でもそんなこと言ったらおかしなことになるからそれっぽく誤魔化した。
「急いでるんだったら速さを金で買うのもありだぞ。こっから最寄りのバス乗り場までは…」
男がそう言いかけた時、ぐぅぅぅと情けない音がなった。
男が私のお腹を凝視する。
ば、ばれた…恥ずかしい…。
さっきの音は私のお腹の音だ。晩御飯が少なすぎた。男は豪快に笑った。
「っとその前に腹ごしらえだな。ここであったのも何かの縁だ。奢ってやるよ。俺はダナ。ボウズ、お前さんは?」
「わ…僕はリオです。」
適当な偽名を名乗った。男はダナと言うそう。
いい人だ。
ダナさんに連れられて街を歩く。その間ダナさんは色々なことを教えてくれた。
この辺りはハンターが立ち寄るため夜でも明るいこと。でも治安はあまり良くないこと。
だからダナさんは私を窘めるように言った。
「ボウズの身の上じゃあ仕方ないかもしれんがあんま1人で歩くんじゃねえぞ。またさっきみたいに襲われたらかなわねぇからな。」
「すみません。ありがとうございました。でも、なんでダナさんはあそこにいたんですか?」
「俺は近くで魔道具店やってんだ。ちょうど店じまいしてたのさ。んでお前さんが襲われてるのを見たってわけ。」
そうだったのか。ダナさんが助けに入ってくれなければ夜の街中で魔法をぶっぱなすところだったよ。それに魔道具店か。いいな。
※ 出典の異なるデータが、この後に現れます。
theorem corollary5p9:
  shows "\<exists>S. comeager_in group_space S \<and>
           (\<forall>G\<in>S. \<forall>H\<in>group_tables. elem_equiv G H \<longleftrightarrow> H \<in> S)"
proof -
  let ?Mod = "\<lambda>p. {A \<in> group_tables. models A p}"
  have "countable {p. is_sentence p}"
    by simp
  moreover have "?Mod p \<subseteq> topspace group_space" for p
    by (auto simp: topspace_group_space)
  moreover have "meager_in group_space (?Mod p) \<or> meager_in group_space (topspace group_space - ?Mod p)" for p
    by (rule models_meager_or_comeager)
  ultimately obtain S where S: "comeager_in group_space S"
    and same: "\<forall>G\<in>S. \<forall>H\<in>topspace group_space. (\<forall>p\<in>{p. is_sentence p}. G \<in> ?Mod p \<longleftrightarrow> H \<in> ?Mod p) \<longleftrightarrow> H \<in> S"
    using comeager_class_of_zero_one_family[of "{p. is_sentence p}" ?Mod group_space] by blast
  have "S \<subseteq> group_tables"
    using S unfolding comeager_in_def topspace_group_space by blast
  then have "elem_equiv G H \<longleftrightarrow> H \<in> S" if "G \<in> S" "H \<in> group_tables" for G H
    using same that unfolding elem_equiv_def topspace_group_space by auto
  then show ?thesis
    using S by blast
qed

end
lemma emeasure_mixture_less_le:
  fixes g :: "'a \<Rightarrow> 'b \<Rightarrow> real"
  assumes "prob_space M" "sigma_finite_measure Q"
    and g[measurable]: "(\<lambda>(\<omega>, x). g \<omega> x) \<in> borel_measurable (Q \<Otimes>\<^sub>M M)"
    and g_nonneg: "\<And>\<omega> x. \<omega> \<in> space Q \<Longrightarrow> x \<in> space M \<Longrightarrow> 0 \<le> g \<omega> x"
    and l: "0 < l" and bound: "AE x in M. (\<integral>\<^sup>+\<omega>. inv_powr l (g \<omega> x) \<partial>Q) \<le> K"
  shows "emeasure Q {\<omega> \<in> space Q. (\<integral>\<^sup>+x. ennreal (g \<omega> x) \<partial>M) < ennreal t}
    \<le> ennreal (t powr l) * K"
proof -
  interpret M: prob_space M by fact
  interpret pair_sigma_finite Q M
    using assms(1,2) by (simp add: pair_sigma_finite_def prob_space_imp_sigma_finite)
  define Y where "Y \<omega> = (\<integral>\<^sup>+x. inv_powr l (g \<omega> x) \<partial>M)" for \<omega>
  have Y[measurable]: "Y \<in> borel_measurable Q"
    unfolding Y_def by measurable
  have "{\<omega> \<in> space Q. (\<integral>\<^sup>+x. ennreal (g \<omega> x) \<partial>M) < ennreal t}
      \<subseteq> {\<omega> \<in> space Q. 1 \<le> ennreal (t powr l) * Y \<omega>}"
  proof safe
    fix \<omega> assume \<omega>: "\<omega> \<in> space Q" and less: "(\<integral>\<^sup>+x. ennreal (g \<omega> x) \<partial>M) < ennreal t"
    then have "0 < t"
      using le_less_trans[OF zero_le less] by simp
    have "ennreal (t powr - l) \<le> Y \<omega>"
      unfolding Y_def using \<omega> g_nonneg l less by (intro M.nn_integral_inv_powr_ge) auto
    then have "ennreal (t powr l) * ennreal (t powr - l) \<le> ennreal (t powr l) * Y \<omega>"
      by (rule mult_left_mono) simp
    then show "1 \<le> ennreal (t powr l) * Y \<omega>"
      using \<open>0 < t\<close> by (simp add: ennreal_mult'[symmetric] powr_add[symmetric])
  qed
  then have "emeasure Q {\<omega> \<in> space Q. (\<integral>\<^sup>+x. ennreal (g \<omega> x) \<partial>M) < ennreal t}
      \<le> emeasure Q {\<omega> \<in> space Q. 1 \<le> ennreal (t powr l) * Y \<omega>}"
    by (intro emeasure_mono) auto
  also have "\<dots> \<le> ennreal (t powr l) * (\<integral>\<^sup>+\<omega>. Y \<omega> * indicator (space Q) \<omega> \<partial>Q)"
    by (intro nn_integral_Markov_inequality) auto
  also have "(\<integral>\<^sup>+\<omega>. Y \<omega> * indicator (space Q) \<omega> \<partial>Q) = (\<integral>\<^sup>+\<omega>. Y \<omega> \<partial>Q)"
    by (intro nn_integral_cong) simp
  also have "\<dots> = (\<integral>\<^sup>+x. (\<integral>\<^sup>+\<omega>. inv_powr l (g \<omega> x) \<partial>Q) \<partial>M)"
    unfolding Y_def by (rule Fubini'[symmetric]) measurable
  also have "\<dots> \<le> (\<integral>\<^sup>+x. K \<partial>M)"
    using bound by (rule nn_integral_mono_AE)
  also have "\<dots> = K"
    by (simp add: M.emeasure_space_1)
  finally show ?thesis
    by (simp add: mult_left_mono)
qed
魔道具の設計したり魔法式を書いたりしてるので魔道具店と聞けばテンションが上がる。
「魔道具店ってことはダナさんは魔道具士なんですか?」
「お、よくわかったな。」
「魔道具が好きなので。」
魔道具士はその名の通り魔道具を作る人のことだ。設計図通りに魔道具を作り、人によっては魔法式を付与する所までやる。
でも珍しいな。民間の魔道具士なんて。私が会ったことがあるのはみんな王宮勤めだったから。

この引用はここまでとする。